lemma Ind_gram_inverse_three_values:
  fixes lam :: "'n::finite \<Rightarrow> real"
  assumes pos: "\<And>k. 0 < lam k" and "2 < card (range lam)"
  shows "Ind (gram_mat lam (\<lambda>k. inverse (lam k))) = 0"
proof -
  obtain T where "T \<subseteq> range lam" "card T = 3"
    using obtain_subset_with_card_n[of 3 "range lam"] assms(2) by auto
  then obtain x y z where "{x, y, z} \<subseteq> range lam" "x \<noteq> y" "y \<noteq> z" "x \<noteq> z"
    by (auto simp: card_3_iff)
  then obtain i j k where i: "lam i = x" and j: "lam j = y" and k: "lam k = z"
    by (metis imageE insert_subset)
  have "x \<noteq> 0" "y \<noteq> 0" "z \<noteq> 0"
    using pos i j k by (metis less_irrefl)+
  define w where "w n = x * (y\<^sup>2 - z\<^sup>2) * of_bool (n = i) + y * (z\<^sup>2 - x\<^sup>2) * of_bool (n = j)
      + z * (x\<^sup>2 - y\<^sup>2) * of_bool (n = k)" for n
  have sum_w: "(\<Sum>n\<in>UNIV. f n * w n)
      = f i * (x * (y\<^sup>2 - z\<^sup>2)) + f j * (y * (z\<^sup>2 - x\<^sup>2)) + f k * (z * (x\<^sup>2 - y\<^sup>2))" for f
    by (simp add: w_def distrib_left sum.distrib mult.assoc[symmetric])
  show ?thesis
  proof (rule Ind_gram_eq_0[where w = w])
    have "(\<Sum>n\<in>UNIV. 1 * w n) = - ((x - y) * (y - z) * (x - z))"
      unfolding sum_w by (simp add: power2_eq_square algebra_simps)
    then show "(\<Sum>n\<in>UNIV. w n) \<noteq> 0"
      using \<open>x \<noteq> y\<close> \<open>y \<noteq> z\<close> \<open>x \<noteq> z\<close> by simp
    show "(\<Sum>n\<in>UNIV. lam n * w n) = 0"
      by (simp add: sum_w i j k power2_eq_square algebra_simps)
    show "(\<Sum>n\<in>UNIV. inverse (lam n) * w n) = 0"
      unfolding sum_w i j k using \<open>x \<noteq> 0\<close> \<open>y \<noteq> 0\<close> \<open>z \<noteq> 0\<close>
      by (simp add: power2_eq_square field_simps)
  qed
qed

lemma Ind_gram_inverse_pos:
  fixes lam :: "'n::finite \<Rightarrow> real"
  assumes pos: "\<And>k. 0 < lam k" and "card (range lam) \<le> 2"
  shows "0 < Ind (gram_mat lam (\<lambda>k. inverse (lam k)))"
proof -
  have "card (range lam) \<noteq> 0"
    by simp
  then have "card (range lam) = 1 \<or> card (range lam) = 2"
    using assms(2) by linarith
  then consider l where "range lam = {l}" | l m where "range lam = {l, m}" "l \<noteq> m"
    by (auto simp: card_1_singleton_iff card_2_iff)
  then show ?thesis
  proof cases
    case 1
    then have "0 < l"
      using pos by (metis rangeI singletonD)
    then show ?thesis
      using Ind_gram_inverse_const[of lam, OF pos 1] by (simp add: add_pos_pos)
  next
    case 2
    then have "0 < l" "0 < m"
      using pos by (metis insertI1 insertI2 imageE)+
    then show ?thesis
      using Ind_gram_inverse_two_values[of lam, OF pos 2] by (simp add: add_pos_nonneg)
  qed
qed

theorem mainTheorem13:
  fixes lam :: "'n::finite \<Rightarrow> real"
  assumes pos: "\<And>i. lam i > 0"
  defines "S \<equiv> range lam"
    and "L \<equiv> (\<chi> i j. complex_of_real (lam i * lam j + inverse (lam i * lam j))) :: complex^'n^'n"
  shows "psd L
    \<and> (\<forall>l. S = {l} \<longrightarrow> Ind L = l^2 + inverse (l^2))
    \<and> (\<forall>l m. l \<noteq> m \<and> S = {l, m} \<longrightarrow> Ind L = (l + m)^2 / (1 + l^2 * m^2))
    \<and> (card S > 2 \<longrightarrow> Ind L = 0)
    \<and> (Ind L \<noteq> 0 \<longleftrightarrow> card S \<le> 2)"
proof -
  have L: "L = gram_mat lam (\<lambda>k. inverse (lam k))"
    unfolding L_def gram_mat_def by simp
  have "psd L"
    unfolding L by (rule psd_gram_mat)
  moreover have "\<forall>l. S = {l} \<longrightarrow> Ind L = l^2 + inverse (l^2)"
    unfolding L S_def using Ind_gram_inverse_const[of lam] pos by blast
  moreover have "\<forall>l m. l \<noteq> m \<and> S = {l, m} \<longrightarrow> Ind L = (l + m)^2 / (1 + l^2 * m^2)"
    unfolding L S_def using Ind_gram_inverse_two_values[of lam] pos by blast
  moreover have "card S > 2 \<longrightarrow> Ind L = 0"
    unfolding L S_def using Ind_gram_inverse_three_values[of lam] pos by blast
  moreover have "card S \<le> 2 \<longrightarrow> 0 < Ind L"
    unfolding L S_def using Ind_gram_inverse_pos[of lam] pos by blast
  ultimately show ?thesis
    by auto
qed

end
^^^^^^^^^^^^^^^^
__WHAT YOU NEED TO DO__
Reproduce, exactly and without additions, the run of lines from the start of the listing above to the line bearing "by (metis imageE insert_subset)", inclusive.

__ANSWER BELOW__
lemma Ind_gram_inverse_three_values:
  fixes lam :: "'n::finite \<Rightarrow> real"
  assumes pos: "\<And>k. 0 < lam k" and "2 < card (range lam)"
  shows "Ind (gram_mat lam (\<lambda>k. inverse (lam k))) = 0"
proof -
  obtain T where "T \<subseteq> range lam" "card T = 3"
    using obtain_subset_with_card_n[of 3 "range lam"] assms(2) by auto
  then obtain x y z where "{x, y, z} \<subseteq> range lam" "x \<noteq> y" "y \<noteq> z" "x \<noteq> z"
    by (auto simp: card_3_iff)
  then obtain i j k where i: "lam i = x" and j: "lam j = y" and k: "lam k = z"
    by (metis imageE insert_subset)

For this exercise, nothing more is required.